For an answer Soutan made a growling sound deep in his throat. Warkannan let the subject drop.

With dawn Soutan’s mood improved. He rummaged through his gear and brought out a small rectangle of some substance that looked like blue quartz. When Arkazo asked him about it, he showed it round.

‘This is a signal imp,’ Soutan said. ‘Once I charge it in the sunlight, it will send a message to Jezro, telling him we’re nearly there.’

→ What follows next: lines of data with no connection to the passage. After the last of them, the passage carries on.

lemma sigma_bullet_parts_monotone:
  assumes "sigma_bullet d a" "odd d" "3 \<le> d" "0 < u" "u < v"
  shows "even_part (monic_poly d a) v * u ^ (d - 1) < even_part (monic_poly d a) u * v ^ (d - 1)"
    and "odd_part (monic_poly d a) u * v < odd_part (monic_poly d a) v * u"
proof -
  let ?p = "monic_poly d a"
  note pos = coeff_monic_poly_pos_if_sigma_bullet[OF assms(1)]
  have "0 \<le> coeff ?p j" if "even j" "j < d - 1" for j
    using pos[of j] that assms(3) by (auto simp: less_imp_le)
  then show "even_part ?p v * u ^ (d - 1) < even_part ?p u * v ^ (d - 1)"
    using even_part_div_power_strict_antimono[of ?p u v] assms(2-5) pos[of 0] by simp
  have "0 \<le> coeff ?p j" if "odd j" "1 < j" for j
  proof (cases "j \<le> d")
    case True
    from \<open>odd j\<close> \<open>odd d\<close> have "j \<noteq> d - 1" by presburger
    with pos[of j] that True assms(3) show ?thesis by (simp add: less_imp_le)
  qed (simp add: coeff_monic_poly)
  then show "odd_part ?p u * v < odd_part ?p v * u"
    using odd_part_div_strict_mono[of ?p d u v] assms(2-5) pos[of d] by simp
qed

lemma sigma_bullet_opposite_roots:
  assumes "sigma_bullet d a" "3 \<le> d" "0 < r"
    and "poly (monic_poly d a) r = 0" "poly (monic_poly d a) (- r) = 0"
  shows "{x. x < 0 \<and> poly (monic_poly d a) x = 0} = {- r}"
proof -
  let ?p = "monic_poly d a"
  have E: "even_part ?p r = 0" and O: "odd_part ?p r = 0"
    using assms(4,5) poly_eq_even_part_plus_odd_part[of ?p r] poly_minus_eq_even_part_minus_odd_part[of ?p r]
    by auto
  have "odd d" using even_part_pos_if_sigma_bullet[OF assms(1) _ _ \<open>0 < r\<close>] E assms(2) by force
  note mono = sigma_bullet_parts_monotone[OF assms(1) \<open>odd d\<close> assms(2)]
  have "t = r" if "0 < t" "poly ?p (- t) = 0" for t
  proof -
    have "even_part ?p t = odd_part ?p t"
      using that(2) poly_minus_eq_even_part_minus_odd_part[of ?p t] by simp
    moreover consider "t < r" | "t = r" | "r < t" by linarith
    then have "t \<noteq> r \<Longrightarrow> even_part ?p t \<noteq> odd_part ?p t"
    proof cases
      case 1
      with mono[of t r] E O \<open>0 < t\<close> \<open>0 < r\<close>
      have "0 < even_part ?p t" "odd_part ?p t < 0" by (simp_all add: zero_less_mult_iff mult_less_0_iff)
      then show ?thesis by simp
    next
      case 3
      with mono[of r t] E O \<open>0 < r\<close>
      have "even_part ?p t < 0" "0 < odd_part ?p t" by (simp_all add: zero_less_mult_iff mult_less_0_iff)
      then show ?thesis by simp
    qed simp
    ultimately show "t = r" by blast
  qed
  then have "x = - r" if "x < 0" "poly ?p x = 0" for x
    using that by (metis neg_0_less_iff_less minus_minus)
  with assms(5) \<open>0 < r\<close> show ?thesis by auto
qed

lemma A_set_no_opposite_roots:
  assumes "a \<in> A_set d" "6 \<le> d" "poly (monic_poly d a) z = 0" "poly (monic_poly d a) z' = 0"
  shows "z + z' \<noteq> 0"
proof
  assume "z + z' = 0"
  have "z \<noteq> 0" using R3_roots_simple_nonzero(2)[of a d z] assms by (simp add: A_set_def)
  define r where "r = \<bar>z\<bar>"
  have "0 < r" "poly (monic_poly d a) r = 0" "poly (monic_poly d a) (- r) = 0"
    using \<open>z \<noteq> 0\<close> \<open>z + z' = 0\<close> assms(3,4) by (auto simp: r_def abs_if add_eq_0_iff)
  then have "neg_roots (monic_poly d a) = 1"
    using sigma_bullet_opposite_roots[of d a r] assms(1,2) by (simp add: A_set_def neg_roots_def)
  moreover have "neg_roots (monic_poly d a) = d - 4" using assms(1) by (simp add: A_set_def)
  ultimately show False using assms(2) by linarith
qed

section \<open>\<open>A_set d\<close> is a union of components of \<open>R3 d\<close>\<close>

lemma eventually_sigma_bullet_eq:
  assumes "\<forall>j<d. a j \<noteq> 0"
  shows "\<forall>\<^sub>F \<delta> in at_right 0. \<forall>b. (\<forall>j<d. \<bar>b j - a j\<bar> < \<delta>) \<longrightarrow> sigma_bullet d b = sigma_bullet d a"
proof -
  have "\<forall>\<^sub>F \<delta> in at_right 0. \<forall>j\<in>{..<d}. \<delta> < \<bar>a j\<bar>"
    using assms by (intro eventually_ball_finite ballI eventually_less_at_right_0) auto
  then show ?thesis
  proof (rule eventually_mono, intro allI impI)
    fix \<delta> b assume \<delta>: "\<forall>j\<in>{..<d}. \<delta> < \<bar>a j\<bar>" and b: "\<forall>j<d. \<bar>b j - a j\<bar> < \<delta>"
    have "(b j < 0 \<longleftrightarrow> a j < 0) \<and> (0 < b j \<longleftrightarrow> 0 < a j)" if "j < d" for j
    proof -
      from \<delta> b that have "sgn (b j) = sgn (a j)" by (intro sgn_eq_if_close) force
      then show ?thesis using sgn_greater[of "b j"] sgn_greater[of "a j"] sgn_less[of "b j"] sgn_less[of "a j"]
        by metis
    qed
    then show "sigma_bullet d b = sigma_bullet d a" unfolding sigma_bullet_def by auto
  qed
qed

lemma root_data_near_R3:
  assumes "a \<in> R3 d" "0 < d"
  obtains \<delta> where "0 < \<delta>"
    "\<And>b. \<forall>j<d. \<bar>b j - a j\<bar> < \<delta> \<Longrightarrow>
       pos_roots (monic_poly d b) = pos_roots (monic_poly d a) \<and>
       neg_roots (monic_poly d b) = neg_roots (monic_poly d a)"
    "\<And>b. \<forall>j<d. \<bar>b j - a j\<bar> < \<delta> \<Longrightarrow>
       (\<And>z z'. poly (monic_poly d a) z = 0 \<Longrightarrow> poly (monic_poly d a) z' = 0 \<Longrightarrow> z + z' \<noteq> 0) \<Longrightarrow>
       small_pos_root (monic_poly d b) \<longleftrightarrow> small_pos_root (monic_poly d a)"
proof -
  let ?p = "monic_poly d a"
  note simple = R3_roots_simple_nonzero(1)[OF assms] and nonzero = R3_roots_simple_nonzero(2)[OF assms]
  obtain \<epsilon> where "0 < \<epsilon>"
    and gaps: "\<And>z z'. poly ?p z = 0 \<Longrightarrow> poly ?p z' = 0 \<Longrightarrow>
                 (z \<noteq> z' \<longrightarrow> 2 * \<epsilon> < \<bar>z - z'\<bar>) \<and> (z + z' \<noteq> 0 \<longrightarrow> 2 * \<epsilon> < \<bar>z + z'\<bar>)"
    and "\<exists>\<delta>>0. \<forall>b. (\<forall>j<d. \<bar>b j - a j\<bar> < \<delta>) \<longrightarrow> roots_close ?p (monic_poly d b) \<epsilon>"
    using eventually_happens'[OF trivial_limit_at_right_real
        eventually_conj[OF eventually_at_right_less
          eventually_conj[OF eventually_root_gaps[OF monic_poly_nonzero]
            eventually_roots_close_monic_poly[OF \<open>0 < d\<close> simple]]]]
    by blast
  then obtain \<delta> where "0 < \<delta>"
    and close: "\<And>b. \<forall>j<d. \<bar>b j - a j\<bar> < \<delta> \<Longrightarrow> roots_close ?p (monic_poly d b) \<epsilon>"
    by blast
  have sep: "2 * \<epsilon> < \<bar>z - z'\<bar>" if "poly ?p z = 0" "poly ?p z' = 0" "z \<noteq> z'" for z z'
    using gaps[OF that(1,2)] that(3) by blast
  have away: "\<epsilon> < \<bar>z\<bar>" if "poly ?p z = 0" for z
    using gaps[OF that that] nonzero[OF that] by simp
  show ?thesis
  proof (rule that[OF \<open>0 < \<delta>\<close>])
    fix b assume "\<forall>j<d. \<bar>b j - a j\<bar> < \<delta>"
    then obtain g where bij: "bij_betw g {y. poly (monic_poly d b) y = 0} {z. poly ?p z = 0}"
      and near: "\<And>y. poly (monic_poly d b) y = 0 \<Longrightarrow> \<bar>y - g y\<bar> < \<epsilon>"
      using roots_close_bij[OF close sep] by blast
    show "pos_roots (monic_poly d b) = pos_roots ?p \<and> neg_roots (monic_poly d b) = neg_roots ?p"
      using root_counts_eq_if_bij_betw[OF bij near away] by blast
    assume "\<And>z z'. poly ?p z = 0 \<Longrightarrow> poly ?p z' = 0 \<Longrightarrow> z + z' \<noteq> 0"
    with gaps have "2 * \<epsilon> < \<bar>z + z'\<bar>" if "poly ?p z = 0" "poly ?p z' = 0" for z z'
      using that by blast
    then show "small_pos_root (monic_poly d b) \<longleftrightarrow> small_pos_root ?p"
      using small_pos_root_eq_if_bij_betw[OF bij near] by blast
  qed
qed
lemma corrected_n'_mem: "corrected_n' q k - ge_basis k \<in> n_compl'"
  using exhaust_idx5[of k]
  by (elim disjE) (intro mem_n_compl'; simp add: corrected_n'_def ge_basis_mat4_of mat4_of_diff
      sl4_def trace_mat4_of zero_mat4_of)+

lemma corrected_n'_orth: "killing (slice_point ge_dual_n' q) (brk (corrected_n' q k) (n'_basis m)) = 0"
proof -
  have "\<forall>k m. killing (slice_point ge_dual_n' q) (brk (corrected_n' q k) (n'_basis m)) = 0"
    unfolding forall_idx5 forall_idx10
    by (intro conjI; simp only: corrected_n'_def fun5_simps ge_basis_mat4_of n'_basis_mat4_of
        slice_point_n' brk_mat4_of killing_mat4_of; simp)
  then show ?thesis by blast
qed

lemma corrected_n'_brk:
  "killing (slice_point ge_dual_n' q) (brk (corrected_n' q k) (ge_basis l)) = bracket_n' q $ k $ l"
proof -
  have "\<forall>k l. killing (slice_point ge_dual_n' q) (brk (corrected_n' q k) (ge_basis l)) = bracket_n' q $ k $ l"
    unfolding forall_idx5
    by (intro conjI; simp only: corrected_n'_def bracket_n'_def vec_lambda_beta fun5_simps
        ge_basis_mat4_of slice_point_n' brk_mat4_of killing_mat4_of; simp add: field_simps)
  then show ?thesis by blast
qed

lemma bracket_n'_degree: "polyfun_le (\<lambda>q. bracket_n' q $ k $ l) 2"
  using exhaust_idx5[of k] exhaust_idx5[of l]
  by (elim disjE; simp add: bracket_n'_def;
      intro polyfun_le.add polyfun_le_diff polyfun_le_uminus polyfun_le_divide polyfun_le_mult_var
        polyfun_le_var_pos polyfun_le.const; simp)

lemma bracket_n'_top_degree: "\<exists>k l w c. c \<noteq> 0 \<and> (\<forall>t. bracket_n' (t *s w) $ k $ l = c * t ^ 2)"
  by (rule exI[of _ 0], rule exI[of _ 1], rule exI[of _ "\<chi> i. if i = 0 \<or> i = 2 then 1 else 0"],
      rule exI[of _ "1/4"]) (simp add: bracket_n'_def power2_eq_square)

lemma transverse_certificate_n':
  "transverse_certificate n_compl' n'_basis ge_basis ge_dual_n' corrected_n' bracket_n' 2"
  by unfold_locales (rule is_basis_ge_basis is_basis_n'_basis is_complement_n_compl' dual_part_ge_dual_n'
      corrected_n'_mem corrected_n'_orth corrected_n'_brk bracket_n'_degree bracket_n'_top_degree)+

Arkazo’s eyes widened. When Soutan handed him the imp, he held it up, studied it, stroked it with a forefinger as if it were a pet animal.

‘We’re nearly there?’ Warkannan said.

‘Oh yes. A day’s ride – a long day, unfortunately, since we haven’t come on the main roads. I’m trying to decide if we should wait till nightfall to move out. Let me scan, and then we’ll know more.’

As the dawn blossomed, Soutan spent a long time out in the sun with his various devices as if he’d forgotten his fears of the spirit rider. Warkannan and Arkazo fed the horses the last of the grain and watered them at a rivulet behind the abandoned barn.

‘I suppose Soutan knows what he’s doing,’ Warkannan said.

‘Of course he does.’

A certain calm faith in Arkazo’s voice caught Warkannan’s attention, but he had no idea what to make of it. It’s the machines he likes, he thought. Power from the sun and all that sort of thing. During their long ride, Soutan had been flooding Arkazo with so much information about the Settlers and their mechanical trinkets that Warkannan had simply stopped listening. Soutan’s lectures did keep up Arkazo’s morale; for that, he was grateful.